By five, we were all waiting in an airport somewhere near NYC. I hesitate to say a “secret” airport because it was clearly used, but it definitely wasn’t commonly used by passenger planes. I don’t think I saw any, but I couldn’t be sure because we rode there in a cargo truck with no windows–just seats in the back. The roof was made of a partially transparent, but not clear, plastic.
We unloaded the truck inside the hangar. I happened to look through the mirrored windows on the door as we waited for our plane to arrive. Even though it wasn’t snowing, it still wasn’t warm. A Fedex jet landed on the runway as I watched, but it didn’t taxi in our direction afterward. I decided that watching for our jet was probably more akin to waiting for a pot to boil than it ought to be, and considered finding someone to talk to.
It might have been a fun place to hang out under other circumstances, but not with people. It felt like it was only barely heated. Water, and other fluids pooled on the floor. Machines and tools hung on the wall or lay on shelves.
Building something might have been a good way to pass the time, but with all the parts meant for airplane repairs, it was a given that I’d annoy somebody.

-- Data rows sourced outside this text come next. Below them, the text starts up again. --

lemma C0_semigroup_norm_bounded:
  fixes S :: "real \<Rightarrow> 'x::banach \<Rightarrow> 'x"
  assumes sg: "C0_semigroup S"
  obtains M where "M \<ge> 1" "\<And>t x. t \<in> {0..t1} \<Longrightarrow> norm (S t x) \<le> M * norm x"
proof -
  obtain M where M1: "M \<ge> 1" and M: "\<And>t. t \<in> {0..t1} \<Longrightarrow> onorm (S t) \<le> M"
    using C0_semigroup_onorm_bounded[OF sg] by blast
  have "norm (S t x) \<le> M * norm x" if t: "t \<in> {0..t1}" for t x
  proof -
    have "norm (S t x) \<le> onorm (S t) * norm x"
      using t by (intro onorm C0_semigroup_bounded_linear[OF sg]) simp
    also have "\<dots> \<le> M * norm x" using M[OF t] by (rule mult_right_mono) simp
    finally show ?thesis .
  qed
  then show thesis using that M1 by blast
qed

lemma C0_semigroup_continuous_on:
  fixes S :: "real \<Rightarrow> 'x::banach \<Rightarrow> 'x"
  assumes sg: "C0_semigroup S"
  shows "continuous_on {0..} (\<lambda>t. S t x)"
  unfolding continuous_on_iff
proof (intro ballI allI impI)
  fix t0 e :: real assume t0: "t0 \<in> {0..}" and e: "e > 0"
  obtain M where M1: "M \<ge> 1" and M: "\<And>t x. t \<in> {0..t0 + 1} \<Longrightarrow> norm (S t x) \<le> M * norm x"
    using C0_semigroup_norm_bounded[OF sg] by blast
  obtain d where d: "d > 0" "\<And>h. 0 \<le> h \<Longrightarrow> h < d \<Longrightarrow> norm (S h x - x) < e / M"
    using C0_semigroup_near_0[OF sg, of "e / M"] e M1 by auto
  text \<open>The later of \<open>S t x\<close>, \<open>S t0 x\<close> is the earlier one applied to \<open>S h x\<close>, \<open>h = \<bar>t - t0\<bar>\<close>.\<close>
  have "norm (S t x - S t0 x) < e" if t: "t \<ge> 0" "\<bar>t - t0\<bar> < min d 1" for t
  proof -
    define a where "a = min t t0"
    define h where "h = \<bar>t - t0\<bar>"
    have a: "a \<in> {0..t0 + 1}" and h: "0 \<le> h" "h < d" using t t0 by (auto simp: a_def h_def)
    have "norm (S t x - S t0 x) = norm (S a (S h x) - S a x)"
    proof (cases "t0 \<le> t")
      case True
      then have "S t x = S a (S h x)" "t0 = a"
        using C0_semigroup_add[OF sg, of t0 "t - t0" x] t0 by (simp_all add: a_def h_def)
      then show ?thesis by simp
    next
      case False
      then have "S t0 x = S a (S h x)" "t = a"
        using C0_semigroup_add[OF sg, of t "t0 - t" x] t by (simp_all add: a_def h_def)
      then show ?thesis by (simp add: norm_minus_commute)
    qed
    also have "\<dots> = norm (S a (S h x - x))" using C0_semigroup_diff[OF sg] a by simp
    also have "\<dots> \<le> M * norm (S h x - x)" using M a by blast
    also have "\<dots> < M * (e / M)" using d(2)[OF h] M1 by (intro mult_strict_left_mono) auto
    finally show ?thesis using M1 by simp
  qed
  then show "\<exists>d>0. \<forall>t\<in>{0..}. dist t t0 < d \<longrightarrow> dist (S t x) (S t0 x) < e"
    using d(1) by (intro exI[of _ "min d 1"]) (auto simp: dist_norm)
qed
lemma dropped_neighbour_cases:
  assumes G: "G \<subseteq> vpairs n" and ux: "{u, x} \<in> G" "{u, x} \<notin> drop_closing_edges k T G"
  shows "(heavy k T G x \<and> u < k) \<or> (x < k \<and> heavy k T G u)
         \<or> (\<not> heavy k T G x \<and> u \<in> \<Union> (nbhd_edges n k x G))"
proof (cases "{u, x} \<in> drop_heavy_edges k T G")
  case False
  then obtain a b where ab: "{u, x} = {a, b}" "b < k" "heavy k T G a"
    using ux(1) by (auto simp: drop_heavy_edges_def)
  from ab(1) have "(u = a \<and> x = b) \<or> (u = b \<and> x = a)" by (simp add: doubleton_eq_iff)
  thus ?thesis using ab(2,3) by auto
next
  case True
  then obtain v a b where v: "v < k" and ab: "{u, x} = {a, b}"
      "{v, a} \<in> drop_heavy_edges k T G" "{v, b} \<in> drop_heavy_edges k T G"
    using True ux(2) unfolding drop_closing_edges_def by blast
  hence vux: "{v, u} \<in> drop_heavy_edges k T G" "{v, x} \<in> drop_heavy_edges k T G"
    unfolding doubleton_eq_iff by blast+
  hence "\<not> heavy k T G x"
    using v insert_commute[of x v "{}"] unfolding drop_heavy_edges_def by blast
  moreover have vG: "{v, u} \<in> G" "{v, x} \<in> G" using vux unfolding drop_heavy_edges_def by blast+
  hence "{v, u} \<in> vpairs n" "{v, x} \<in> vpairs n" "{u, x} \<in> vpairs n" using G ux(1) by blast+
  hence "v \<noteq> x" "v \<noteq> u" "u \<noteq> x" "u < n" by (simp_all add: insert_in_vpairs_iff)
  hence "{v, u} \<in> nbhd_edges n k x G"
    using vG ux(1) v unfolding nbhd_edges_def by blast
  ultimately show ?thesis by blast
qed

Turning away from the mirrored windows, I found Cassie walking toward me. She wore a Grand Lake University hoodie, jeans, and atypically, her hair wasn’t in a ponytail. It hung loose around her shoulders. She wore the backpack I’d made for her, the one that changed into light armor–barely powered armor at all, actually. I’d designed it to be more of a disguise.
“Hey, thanks,” she indicated the backpack with a gesture of her hand. “This will help keep me sane. Mom doesn’t want me going out in costume at all outside of Stapledon. With this, she might not even recognize me.”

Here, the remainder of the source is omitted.